Черт в огороде, или проблема существования церкви в условиях пролетарской диктатуры
Черт в огороде, или проблема существования церкви в условиях пролетарской диктатуры
В августе 1937 г. в селе Богородское Щучье-Озерского района объявился нечистый. Князь тьмы материализовался в совершенно неподходящем месте, а именно — в огороде, возле которого играли дети. Напугав их до полусмерти, черт куда-то сгинул.

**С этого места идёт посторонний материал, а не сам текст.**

(* Let $\ell\ge2$ and let $Z^{(\ell-1)},Z^{(\ell)}$ be consecutive iterates of the iterative SDP described in the context (in particular both are symmetric positive semidefinite). Suppose that $Z^{(\ell-1)}\neq0$ and $$\hat\varepsilon(Z^{(\ell)},Z^{(\ell-1)})\le\hat\varepsilon(Z^{(\ell-1)},Z^{(\ell-1)}).$$ Then $\varepsilon(Z^{(\ell)})\le\varepsilon(Z^{(\ell-1)})$. Moreover, if the assumed inequality is strict, then $\varepsilon(Z^{(\ell)})<\varepsilon(Z^{(\ell-1)})$.
   Context: For symmetric $Y\in\mathbb{R}^{p\times p}$, $\lambda_1(Y)\ge\dots\ge\lambda_p(Y)$ are its eigenvalues, $\nu_1(Y)$ a unit eigenvector for $\lambda_1(Y)$. With $p=n(n+m)$, $\varepsilon(Z):=\sum_{i=2}^p|\lambda_i(Z)|$ and $\hat\varepsilon(Z,Z'):=\mathrm{tr}(Z)-\nu_1(Z')^\top Z\nu_1(Z')$. Iterative SDP: given $\tilde\beta\in(0,1)$, $\eta\ge0$, $Z_{\rm ub}>0$, symmetric-matrix-valued functions $S^{(k)}_{\rm lmi}(Q,Z,\tilde\beta)\in\mathbb{R}^{2\tilde n\times2\tilde n}$ ($k=1,\dots,N$, $\tilde n=n(n+1)/2$) affine in $(Q,Z)$, and $Z'$, consider the problem: minimize $\hat\varepsilon(Z,Z')$ over symmetric $Z\in\mathbb{R}^{p\times p}$ and symmetric $Q^{(1)},\dots,Q^{(N)}\in\mathbb{R}^{\tilde n\times\tilde n}$ subject to $S^{(k)}_{\rm lmi}(Q^{(k)},Z,\tilde\beta)\succeq\eta I_{2\tilde n}$ and $Q^{(k)}\succeq\eta I_{\tilde n}$ for all $k$, $Z\succeq0$, $\mathrm{tr}(Z)\le Z_{\rm ub}$. $Z^{(1)}$ is a solution of this problem with the objective replaced by $\mathrm{tr}(Z)$, and for $\ell\ge2$, $Z^{(\ell)}$ is a solution with $Z'=Z^{(\ell-1)}$. *)

theory Defs
  imports "Jordan_Normal_Form.Char_Poly" "HOL-Library.Multiset"
begin

definition sym_mat :: "nat \<Rightarrow> real mat \<Rightarrow> bool" where
  "sym_mat d A \<longleftrightarrow> A \<in> carrier_mat d d \<and> transpose_mat A = A"

definition mat_trace :: "real mat \<Rightarrow> real" where
  "mat_trace A = (\<Sum>i<dim_row A. A $$ (i, i))"

definition psd_mat :: "nat \<Rightarrow> real mat \<Rightarrow> bool" where
  "psd_mat d A \<longleftrightarrow> sym_mat d A \<and> (\<forall>x \<in> carrier_vec d. 0 \<le> x \<bullet> (A *\<^sub>v x))"

definition loewner_ge :: "nat \<Rightarrow> real mat \<Rightarrow> real mat \<Rightarrow> bool" where
  "loewner_ge d A B \<longleftrightarrow> sym_mat d B \<and> psd_mat d (A - B)"

definition eigs_desc :: "real mat \<Rightarrow> real list" where
  "eigs_desc Y = rev (sorted_list_of_multiset (proots (char_poly Y)))"

definition lambda1 :: "real mat \<Rightarrow> real" where
  "lambda1 Y = hd (eigs_desc Y)"

definition eps :: "real mat \<Rightarrow> real" where
  "eps Z = sum_list (map abs (tl (eigs_desc Z)))"

text \<open>hat-epsilon(Z, Z') = tr Z - nu^T Z nu, where nu = nu_1(Z') is passed explicitly\<close>
definition eps_hat :: "real mat \<Rightarrow> real vec \<Rightarrow> real" where
  "eps_hat Z \<nu> = mat_trace Z - \<nu> \<bullet> (Z *\<^sub>v \<nu>)"

definition top_unit_eigvec :: "real mat \<Rightarrow> real vec \<Rightarrow> bool" where
  "top_unit_eigvec Y \<nu> \<longleftrightarrow> eigenvector Y \<nu> (lambda1 Y) \<and> \<nu> \<bullet> \<nu> = 1"

definition affine_lmi :: "nat \<Rightarrow> nat \<Rightarrow> (real mat \<Rightarrow> real mat \<Rightarrow> real \<Rightarrow> real mat) \<Rightarrow> real \<Rightarrow> bool" where
  "affine_lmi p nt S \<beta> \<longleftrightarrow>
     (\<forall>Q Z. sym_mat nt Q \<longrightarrow> sym_mat p Z \<longrightarrow> sym_mat (2 * nt) (S Q Z \<beta>)) \<and>
     (\<forall>Q1 Q2 Z1 Z2 (t::real). sym_mat nt Q1 \<longrightarrow> sym_mat nt Q2 \<longrightarrow> sym_mat p Z1 \<longrightarrow> sym_mat p Z2 \<longrightarrow>
        S (t \<cdot>\<^sub>m Q1 + (1 - t) \<cdot>\<^sub>m Q2) (t \<cdot>\<^sub>m Z1 + (1 - t) \<cdot>\<^sub>m Z2) \<beta>
          = t \<cdot>\<^sub>m S Q1 Z1 \<beta> + (1 - t) \<cdot>\<^sub>m S Q2 Z2 \<beta>)"

definition sdp_feasible ::
  "nat \<Rightarrow> nat \<Rightarrow> nat \<Rightarrow> (nat \<Rightarrow> real mat \<Rightarrow> real mat \<Rightarrow> real \<Rightarrow> real mat) \<Rightarrow> real \<Rightarrow> real \<Rightarrow> real
   \<Rightarrow> (nat \<Rightarrow> real mat) \<Rightarrow> real mat \<Rightarrow> bool" where
  "sdp_feasible n m N S \<beta> \<eta> Zub Qs Z \<longleftrightarrow>
     (let p = n * (n + m); nt = n * (n + 1) div 2 in
      sym_mat p Z \<and> psd_mat p Z \<and> mat_trace Z \<le> Zub \<and>
      (\<forall>k \<in> {1..N}. sym_mat nt (Qs k) \<and>
          loewner_ge (2 * nt) (S k (Qs k) Z \<beta>) (\<eta> \<cdot>\<^sub>m 1\<^sub>m (2 * nt)) \<and>
          loewner_ge nt (Qs k) (\<eta> \<cdot>\<^sub>m 1\<^sub>m nt)))"

definition sdp_solution ::
  "nat \<Rightarrow> nat \<Rightarrow> nat \<Rightarrow> (nat \<Rightarrow> real mat \<Rightarrow> real mat \<Rightarrow> real \<Rightarrow> real mat) \<Rightarrow> real \<Rightarrow> real \<Rightarrow> real
   \<Rightarrow> (real mat \<Rightarrow> real) \<Rightarrow> real mat \<Rightarrow> bool" where
  "sdp_solution n m N S \<beta> \<eta> Zub f Z \<longleftrightarrow>
     (\<exists>Qs. sdp_feasible n m N S \<beta> \<eta> Zub Qs Z) \<and>
     (\<forall>Qs' Z'. sdp_feasible n m N S \<beta> \<eta> Zub Qs' Z' \<longrightarrow> f Z \<le> f Z')"

end

theory Submission
  imports Defs "HOL-Analysis.Function_Topology" "Jordan_Normal_Form.Schur_Decomposition"
begin

(* For positive semidefinite Z the eigenvalues are real, nonnegative and sum to tr Z, so
   eps Z = tr Z - lambda_1(Z).  If nu is a unit top eigenvector of Z', then
   eps_hat(Z', Z') = tr Z' - lambda_1(Z') = eps Z', while for any positive semidefinite Z the
   Rayleigh bound nu^T Z nu <= lambda_1(Z) gives eps Z <= eps_hat(Z, Z').  The assumed decrease
   of eps_hat is thus sandwiched between eps Z and eps Z'.
   Real-rootedness of symmetric matrices comes from the Hermitian form v^* A v, trace = sum of
   eigenvalues from Schur triangularisation, and the Rayleigh bound from maximising the
   quadratic form on the compact unit sphere. *)

lemma sym_mat_carrier: "sym_mat p A \<Longrightarrow> A \<in> carrier_mat p p"
  by (simp add: sym_mat_def)

lemma sym_mat_index_comm:
  assumes "sym_mat p A" "i < p" "j < p"
  shows "A $$ (i, j) = A $$ (j, i)"
  using assms by (metis index_transpose_mat(1) carrier_matD sym_mat_def)
text \<open>
  Let \<open>link i = int (a i \<union> a (i+1))\<close>, indices modulo \<open>n\<close>. As the \<open>a i\<close> are regular closed
  and distinct ones meet in sets with empty interior, \<open>link i \<inter> link (i+1) = int (a (i+1))\<close>,
  non-consecutive links are disjoint, and \<open>int (a (i+1))\<close> misses \<open>link (i+2)\<close>. Arcs
  \<open>\<beta> i\<close> in the connected open sets \<open>link i\<close> joining points \<open>p i \<in> int (a i)\<close> therefore form a
  closed chain in which only consecutive arcs meet and no point lies on three consecutive
  arcs. Such a chain is trimmed greedily to a Jordan curve: follow \<open>\<beta> 0\<close> until it first meets
  \<open>\<beta> 1\<close>, follow \<open>\<beta> 1\<close> from there until it first meets \<open>\<beta> 2\<close>, and so on; stop the last arc
  where it first meets the part of \<open>\<beta> 0\<close> already used, and restart the first arc at that
  point. Each switching point lies on two consecutive arcs \<open>\<beta> i\<close>, \<open>\<beta> (i+1)\<close>, hence in
  \<open>int (a (i+1))\<close>.
\<close>

lemma add_one_mod_neq:
  fixes i n :: nat
  assumes "2 \<le> n" "i < n"
  shows "(i + 1) mod n \<noteq> i"
  using assms by (cases "i + 1 = n") auto

lemma add_two_mod_neq:
  fixes i n :: nat
  assumes "3 \<le> n" "i < n"
  shows "(i + 2) mod n \<noteq> i"
  using assms by (cases "i + 2 < n"; cases "i + 1 = n") (auto simp: mod_if)

lemma add_one_mod_inj:
  fixes i j n :: nat
  assumes "i < n" "j < n" "(i + 1) mod n = (j + 1) mod n"
  shows "i = j"
  using assms by (cases "i + 1 < n"; cases "j + 1 < n") (auto simp: mod_if split: if_splits)

lemma add_one_mod_surj:
  fixes j n :: nat
  assumes "j < n"
  obtains i where "i < n" "(i + 1) mod n = j"
proof (cases j)
  case 0
  then show ?thesis using assms by (intro that[of "n - 1"]) auto
next
  case (Suc k)
  then show ?thesis using assms by (intro that[of k]) auto
qed

lemma regular_closed_closed: "regular_closed S \<Longrightarrow> closed S"
  unfolding regular_closed_def by (metis closed_closure)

А через некоторое время к детишкам подошла бывшая монашка Клавдия Никитична Змеева, которая, как написал в газете «Вперед» от 19 сентября аноним, скрывшийся под псевдонимом «Богородский», «стала их агитировать, что вот мол, хотят закрывать церковь, так появился „нечистый“, „сатана“. Велела передать это родителям»[463].
Как выяснилось впоследствии компетентными органами, в деле не было ни грана инфернального — сатаной нарядилась сама вышеупомянутая Клавдия Никитична. Путем этой незамысловатой любительской инсценировки она стремилась побудить односельчан бороться за сохранение Богородской церкви, здание которой (по словам того же анонима) «пришло в негодность, может обрушиться и повлечет за собой десятки человеческих жертв»[464] (оставляем стиль на совести автора).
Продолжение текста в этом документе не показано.